**Data to examine**
lemma bessel_inequality_2:
  assumes f: "f \<in> H" and e: "e \<in> H" and q: "q \<in> H"
    and ee: "ip e e = 1" and qq: "ip q q = 1" and eq: "ip e q = 0"
  shows "(cmod (ip f e))\<^sup>2 + (cmod (ip f q))\<^sup>2 \<le> (nrm f)\<^sup>2"
proof -
  define x where "x = ip f e"
  define y where "y = ip f q"
  define P where "P = lc x e y q"
  have P: "P \<in> H" and h: "lc 1 f (-1) P \<in> H"
    using e q f by (simp_all add: P_def lc_closed)
  have qe: "ip q e = 0"
    using ip_conj_sym[OF e q] eq by simp
  have ef: "ip e f = cnj x" and qf: "ip q f = cnj y"
    using ip_conj_sym[OF f e] ip_conj_sym[OF f q] by (simp_all add: x_def y_def)
  have Pf: "ip P f = x * cnj x + y * cnj y" and fP: "ip f P = x * cnj x + y * cnj y"
    using e q f by (simp_all add: P_def ip_lc_left ip_lc_right ef qf x_def y_def)
  have PP: "ip P P = x * cnj x + y * cnj y"
    using e q by (simp add: P_def ip_lc_left ip_lc_right lc_closed ee qq eq qe)
  have "ip (lc 1 f (-1) P) (lc 1 f (-1) P) = ip f f - (x * cnj x + y * cnj y)"
    using f P by (simp add: ip_lc_left ip_lc_right lc_closed Pf fP PP)
  also have "\<dots> = of_real ((nrm f)\<^sup>2 - ((cmod x)\<^sup>2 + (cmod y)\<^sup>2))"
    using f by (simp add: ip_self flip: complex_norm_square)
  finally show ?thesis
    using ip_self_nonneg[OF h] by (simp add: x_def y_def)
qed

lemma orthonormal_pair_lc:
  assumes e: "e \<in> H" and q: "q \<in> H"
    and ee: "ip e e = 1" and qq: "ip q q = 1" and eq: "ip e q = 0"
    and xy: "(cmod x)\<^sup>2 + (cmod y)\<^sup>2 = 1"
  shows "lc x e y q \<in> H" "nrm (lc x e y q) = 1" "ip (lc x e y q) e = x" "ip (lc x e y q) q = y"
proof -
  have qe: "ip q e = 0"
    using ip_conj_sym[OF e q] eq by simp
  show f: "lc x e y q \<in> H"
    using e q by (rule lc_closed)
  show fe: "ip (lc x e y q) e = x" and fq: "ip (lc x e y q) q = y"
    using e q by (simp_all add: ip_lc_left ee qq eq qe)
  have "ip (lc x e y q) (lc x e y q) = x * cnj x + y * cnj y"
    using e q f by (simp add: ip_lc_right fe fq)
  also have "\<dots> = of_real ((cmod x)\<^sup>2 + (cmod y)\<^sup>2)"
    by (simp only: of_real_add complex_norm_square)
  also have "\<dots> = 1"
    using xy by simp
  finally show "nrm (lc x e y q) = 1"
    by (simp add: nrm_def)
qed

lemma orthogonal_projection:
  assumes k: "k \<in> H" and p: "p \<in> H" and k_pos: "nrm k > 0"
  defines "c \<equiv> ip p k / ip k k"
  shows "lc 1 p (- c) k \<in> H" and "ip (lc 1 p (- c) k) k = 0"
    and "ip p k = c * of_real ((nrm k)\<^sup>2)"
    and "(nrm p)\<^sup>2 = (nrm (lc 1 p (- c) k))\<^sup>2 + (cmod c)\<^sup>2 * (nrm k)\<^sup>2"
proof -
  define r where "r = lc 1 p (- c) k"
  have kk: "ip k k = of_real ((nrm k)\<^sup>2)" and kk0: "ip k k \<noteq> 0"
    using ip_self[OF k] k_pos by simp_all
  show r: "lc 1 p (- c) k \<in> H"
    using p k by (rule lc_closed)
  show rk: "ip (lc 1 p (- c) k) k = 0"
    using p k kk0 by (simp add: ip_lc_left c_def)
  show pk: "ip p k = c * of_real ((nrm k)\<^sup>2)"
    using kk0 by (simp add: c_def kk)
  have "ip r r = ip r p - cnj c * ip r k"
    using ip_lc_right[OF p k r, of 1 "- c", folded r_def] by simp
  then have rp: "ip r p = ip r r"
    using rk by (simp add: r_def)
  have "ip p p = ip r p + c * ip k p"
    using p k by (simp add: r_def ip_lc_left)
  also have "\<dots> = ip r r + c * cnj c * ip k k"
    using p k by (simp add: rp ip_conj_sym[of p k] pk kk)
  finally have "of_real ((nrm p)\<^sup>2) = complex_of_real ((nrm r)\<^sup>2 + (cmod c)\<^sup>2 * (nrm k)\<^sup>2)"
    using p r by (simp add: ip_self kk r_def flip: complex_norm_square)
  then show "(nrm p)\<^sup>2 = (nrm (lc 1 p (- c) k))\<^sup>2 + (cmod c)\<^sup>2 * (nrm k)\<^sup>2"
    by (simp only: of_real_eq_iff r_def)
qed

lemma cauchy_schwarz_strict:
  assumes k: "k \<in> H" and p: "p \<in> H" and k_pos: "nrm k > 0"
    and not_parallel: "nrm (lc 1 p (- (ip p k / ip k k)) k) > 0"
  shows "cmod (ip p k) < nrm p * nrm k"
proof -
  define c where "c = ip p k / ip k k"
  define r where "r = lc 1 p (- c) k"
  note proj = orthogonal_projection[OF k p k_pos, folded c_def, folded r_def]
  have "(cmod (ip p k))\<^sup>2 = (cmod c)\<^sup>2 * (nrm k)\<^sup>2 * (nrm k)\<^sup>2"
    unfolding proj(3) by (simp add: norm_mult norm_power power_mult_distrib)
  also have "\<dots> < (nrm p)\<^sup>2 * (nrm k)\<^sup>2"
  proof -
    have "0 < (nrm r)\<^sup>2 * (nrm k)\<^sup>2"
      using not_parallel k_pos by (simp add: r_def c_def)
    then show ?thesis
      unfolding proj(4) by (simp add: distrib_right)
  qed
  also have "\<dots> = (nrm p * nrm k)\<^sup>2"
    by (simp add: power_mult_distrib)
  finally show ?thesis
    by (rule power_less_imp_less_base) (simp add: nrm_nonneg p k)
qed

lemma rank_one_numerical_range_decomposed:
  assumes k: "k \<in> H" and p: "p \<in> H" and k_pos: "nrm k > 0"
    and q: "q \<in> H" and qq: "ip q q = 1" and qk: "ip q k = 0"
    and p_decomp: "\<And>f. f \<in> H \<Longrightarrow> ip p f = \<beta> * ip k f + \<gamma> * ip q f"
    and p_nrm: "(nrm p)\<^sup>2 = (cmod \<beta>)\<^sup>2 * (nrm k)\<^sup>2 + (cmod \<gamma>)\<^sup>2"
  shows "{ip f k * ip p f | f. f \<in> H \<and> nrm f = 1} = {v. cmod v + cmod (v - ip p k) \<le> nrm p * nrm k}"
proof -
  define K where "K = nrm k"
  obtain e where e: "e \<in> H" "ip e e = 1" and k_e: "\<And>f. f \<in> H \<Longrightarrow> ip k f = of_real K * ip e f"
    using unit_vector_exists[OF k k_pos] unfolding K_def by blast
  have K_pos: "K > 0"
    using k_pos by (simp add: K_def)
  have f_k: "ip f k = of_real K * ip f e" if "f \<in> H" for f
    using k_e[OF that] ip_conj_sym[OF k that] ip_conj_sym[OF that e(1)] by simp
  have eq: "ip e q = 0"
    using f_k[OF q] qk K_pos ip_conj_sym[OF e(1) q] by simp
  define B where "B = \<beta> * of_real K"
  define s where "s = sqrt ((cmod B)\<^sup>2 + (cmod \<gamma>)\<^sup>2)"
  have product: "ip f k * ip p f = of_real K * (ip f e * (B * cnj (ip f e) + \<gamma> * cnj (ip f q)))"
    if f: "f \<in> H" for f
    using p_decomp[OF f] f_k[OF f] k_e[OF f] ip_conj_sym[OF f e(1)] ip_conj_sym[OF f q]
    by (simp add: B_def algebra_simps)
  have pk: "ip p k = of_real K * B"
    using p_decomp[OF k] qk k_e[OF k] f_k[OF e(1)] e(2) by (simp add: B_def algebra_simps)
  have "s = nrm p"
    unfolding s_def B_def using p_nrm nrm_nonneg[OF p]
    by (intro real_sqrt_unique) (simp_all add: norm_mult power_mult_distrib K_def)
  then have ps: "nrm p * nrm k = K * s"
    by (simp add: K_def)
  have scale: "cmod (of_real K * v) + cmod (of_real K * v - of_real K * B) \<le> K * s \<longleftrightarrow>
      cmod v + cmod (v - B) \<le> s" for v
    using K_pos by (simp add: norm_mult flip: right_diff_distrib distrib_left)
  show ?thesis
  proof (intro set_eqI iffI)
    fix v assume "v \<in> {ip f k * ip p f | f. f \<in> H \<and> nrm f = 1}"
    then obtain f where f: "f \<in> H" "nrm f = 1" and v: "v = ip f k * ip p f"
      by blast
    have "(cmod (ip f e))\<^sup>2 + (cmod (ip f q))\<^sup>2 \<le> 1"
      using bessel_inequality_2[OF f(1) e(1) q e(2) qq eq] f(2) by simp
    from quadratic_map_in_ellipse[OF this, of B \<gamma>]
    show "v \<in> {v. cmod v + cmod (v - ip p k) \<le> nrm p * nrm k}"
      using scale by (simp add: v product[OF f(1)] pk ps s_def)
  next
    fix v assume "v \<in> {v. cmod v + cmod (v - ip p k) \<le> nrm p * nrm k}"
    then have "cmod (v / of_real K) + cmod (v / of_real K - B) \<le> s"
      using scale[of "v / of_real K"] K_pos by (simp add: pk ps)
    then obtain x y where xy: "(cmod x)\<^sup>2 + (cmod y)\<^sup>2 = 1"
      and v: "v / of_real K = x * (B * cnj x + \<gamma> * cnj y)"
      using ellipse_in_quadratic_image unfolding s_def by blast
    note f = orthonormal_pair_lc[OF e(1) q e(2) qq eq xy]
    have "v = ip (lc x e y q) k * ip p (lc x e y q)"
      unfolding product[OF f(1)] f(3,4) using K_pos v by (simp add: field_simps)
    then show "v \<in> {ip f k * ip p f | f. f \<in> H \<and> nrm f = 1}"
      using f(1,2) by blast
  qed
qed

text \<open>\<open>ip f k * ip p f = ip (T f) f\<close> for the rank-one operator \<open>T f = ip f k \<cdot> p\<close>. The unit vector
  \<open>q\<close> orthogonal to \<open>k\<close> is needed only when \<open>p\<close> is parallel to \<open>k\<close>.\<close>
theorem rank_one_numerical_range:
  assumes k: "k \<in> H" and p: "p \<in> H" and k_pos: "nrm k > 0"
    and q: "q \<in> H" and qq: "ip q q = 1" and qk: "ip q k = 0"
  shows "{ip f k * ip p f | f. f \<in> H \<and> nrm f = 1} = {v. cmod v + cmod (v - ip p k) \<le> nrm p * nrm k}"
proof -
  define c where "c = ip p k / ip k k"
  define r where "r = lc 1 p (- c) k"
  note proj = orthogonal_projection[OF k p k_pos, folded c_def, folded r_def]
  have p_r: "ip p f = c * ip k f + ip r f" if "f \<in> H" for f
    using p k that by (simp add: r_def ip_lc_left)
  obtain q' \<gamma> where q': "q' \<in> H" "ip q' q' = 1" "ip q' k = 0"
    and p_decomp: "\<And>f. f \<in> H \<Longrightarrow> ip p f = c * ip k f + \<gamma> * ip q' f"
    and \<gamma>: "(cmod \<gamma>)\<^sup>2 = (nrm r)\<^sup>2"
  proof (cases "nrm r > 0")
    case True
    then obtain q' where q': "q' \<in> H" "ip q' q' = 1"
      and r_f: "\<And>f. f \<in> H \<Longrightarrow> ip r f = of_real (nrm r) * ip q' f"
      using unit_vector_exists[OF proj(1)] by blast
    have "ip q' k = 0"
      using proj(2) r_f[OF k] True by simp
    moreover have "ip p f = c * ip k f + of_real (nrm r) * ip q' f" if "f \<in> H" for f
      using p_r[OF that] r_f[OF that] by simp
    moreover have "(cmod (complex_of_real (nrm r)))\<^sup>2 = (nrm r)\<^sup>2"
      by simp
    ultimately show ?thesis
      by (rule that[OF q'])
  next
    case False
    then have r0: "nrm r = 0"
      using nrm_nonneg[OF proj(1)] by simp
    have "ip p f = c * ip k f + 0 * ip q f" if "f \<in> H" for f
      using p_r[OF that] ip_null_left[OF proj(1) that r0] by simp
    moreover have "(cmod (0::complex))\<^sup>2 = (nrm r)\<^sup>2"
      using r0 by simp
    ultimately show ?thesis
      by (rule that[OF q qq qk])
  qed
  have "(nrm p)\<^sup>2 = (cmod c)\<^sup>2 * (nrm k)\<^sup>2 + (cmod \<gamma>)\<^sup>2"
    using proj(4) \<gamma> by simp
  from rank_one_numerical_range_decomposed[OF k p k_pos q' p_decomp this] show ?thesis .
qed

end

section \<open>Integration on the complex plane\<close>

definition vec_of_complex :: "complex \<Rightarrow> real^2" where
  "vec_of_complex z = (\<chi> i. if i = 1 then Re z else Im z)"

definition complex_of_vec :: "real^2 \<Rightarrow> complex" where
  "complex_of_vec v = Complex (v$1) (v$2)"

lemma vec_of_complex_nth [simp]: "vec_of_complex z $ 1 = Re z" "vec_of_complex z $ 2 = Im z"
  by (auto simp: vec_of_complex_def)

lemma complex_of_vec_inverse [simp]: "complex_of_vec (vec_of_complex z) = z"
  by (simp add: complex_of_vec_def complex_eq_iff)

lemma linear_vec_of_complex: "linear vec_of_complex"
  by (rule linearI) (auto simp: vec_eq_iff forall_2)

lemma linear_complex_of_vec: "linear complex_of_vec"
  by (rule linearI) (auto simp: complex_of_vec_def complex_eq_iff)

lemma borel_measurable_linear:
  fixes f :: "'a::euclidean_space \<Rightarrow> 'b::euclidean_space"
  shows "linear f \<Longrightarrow> f \<in> borel_measurable borel"
  by (intro borel_measurable_continuous_onI linear_continuous_on) (simp add: linear_conv_bounded_linear)

lemma borel_measurable_vec_of_complex [measurable]: "vec_of_complex \<in> borel_measurable borel"
  by (rule borel_measurable_linear[OF linear_vec_of_complex])

lemma borel_measurable_complex_of_vec [measurable]: "complex_of_vec \<in> borel_measurable borel"
  by (rule borel_measurable_linear[OF linear_complex_of_vec])

lemma lborel_vec2_eq_distr: "(lborel :: (real^2) measure) = distr lborel borel vec_of_complex"
proof (rule lborel_eqI)
  fix l u :: "real^2"
  assume le: "\<And>b. b \<in> Basis \<Longrightarrow> l \<bullet> b \<le> u \<bullet> b"
  have Basis: "(Basis :: (real^2) set) = {axis 1 1, axis 2 1}"
    by (auto simp: Basis_vec_def UNIV_2)
  have axis_neq: "axis 1 (1::real) \<noteq> (axis 2 1 :: real^2)"
    by (auto simp: axis_def vec_eq_iff)
  have "l$1 \<le> u$1" "l$2 \<le> u$2"
    using le[of "axis 1 1"] le[of "axis 2 1"] by (auto simp: Basis inner_axis)
  moreover have "vec_of_complex -` box l u = box (Complex (l$1) (l$2)) (Complex (u$1) (u$2))"
    by (auto simp: mem_box_cart mem_box Basis_complex_def forall_2)
  ultimately have "emeasure (distr lborel borel vec_of_complex) (box l u) = ennreal ((u$1 - l$1) * (u$2 - l$2))"
    by (simp add: emeasure_distr) (subst emeasure_lborel_box; auto simp: Basis_complex_def)
  also have "\<dots> = (\<Prod>b\<in>Basis. (u - l) \<bullet> b)"
    by (simp add: Basis axis_neq inner_axis)
  finally show "emeasure (distr lborel borel vec_of_complex) (box l u) = (\<Prod>b\<in>Basis. (u - l) \<bullet> b)" .
qed simp

lemma lborel_complex_eq_distr: "(lborel :: complex measure) = distr lborel borel complex_of_vec"
proof -
  have "distr (lborel :: (real^2) measure) borel complex_of_vec =
      distr lborel borel (complex_of_vec \<circ> vec_of_complex)"
    by (subst lborel_vec2_eq_distr) (simp add: distr_distr)
  also have "complex_of_vec \<circ> vec_of_complex = id"
    by (auto simp: fun_eq_iff)
  finally show ?thesis
    by (simp add: distr_id2)
qed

**Exercise**
Each line from the first line of the listing through the line containing "using e q by (simp add: P_def" must be set down exactly; no other line belongs in the answer.

**Reply to the task**
lemma bessel_inequality_2:
  assumes f: "f \<in> H" and e: "e \<in> H" and q: "q \<in> H"
    and ee: "ip e e = 1" and qq: "ip q q = 1" and eq: "ip e q = 0"
  shows "(cmod (ip f e))\<^sup>2 + (cmod (ip f q))\<^sup>2 \<le> (nrm f)\<^sup>2"
proof -
  define x where "x = ip f e"
  define y where "y = ip f q"
  define P where "P = lc x e y q"
  have P: "P \<in> H" and h: "lc 1 f (-1) P \<in> H"
    using e q f by (simp_all add: P_def lc_closed)
  have qe: "ip q e = 0"
    using ip_conj_sym[OF e q] eq by simp
  have ef: "ip e f = cnj x" and qf: "ip q f = cnj y"
    using ip_conj_sym[OF f e] ip_conj_sym[OF f q] by (simp_all add: x_def y_def)
  have Pf: "ip P f = x * cnj x + y * cnj y" and fP: "ip f P = x * cnj x + y * cnj y"
    using e q f by (simp_all add: P_def ip_lc_left ip_lc_right ef qf x_def y_def)
  have PP: "ip P P = x * cnj x + y * cnj y"
    using e q by (simp add: P_def ip_lc_left ip_lc_right lc_closed ee qq eq qe)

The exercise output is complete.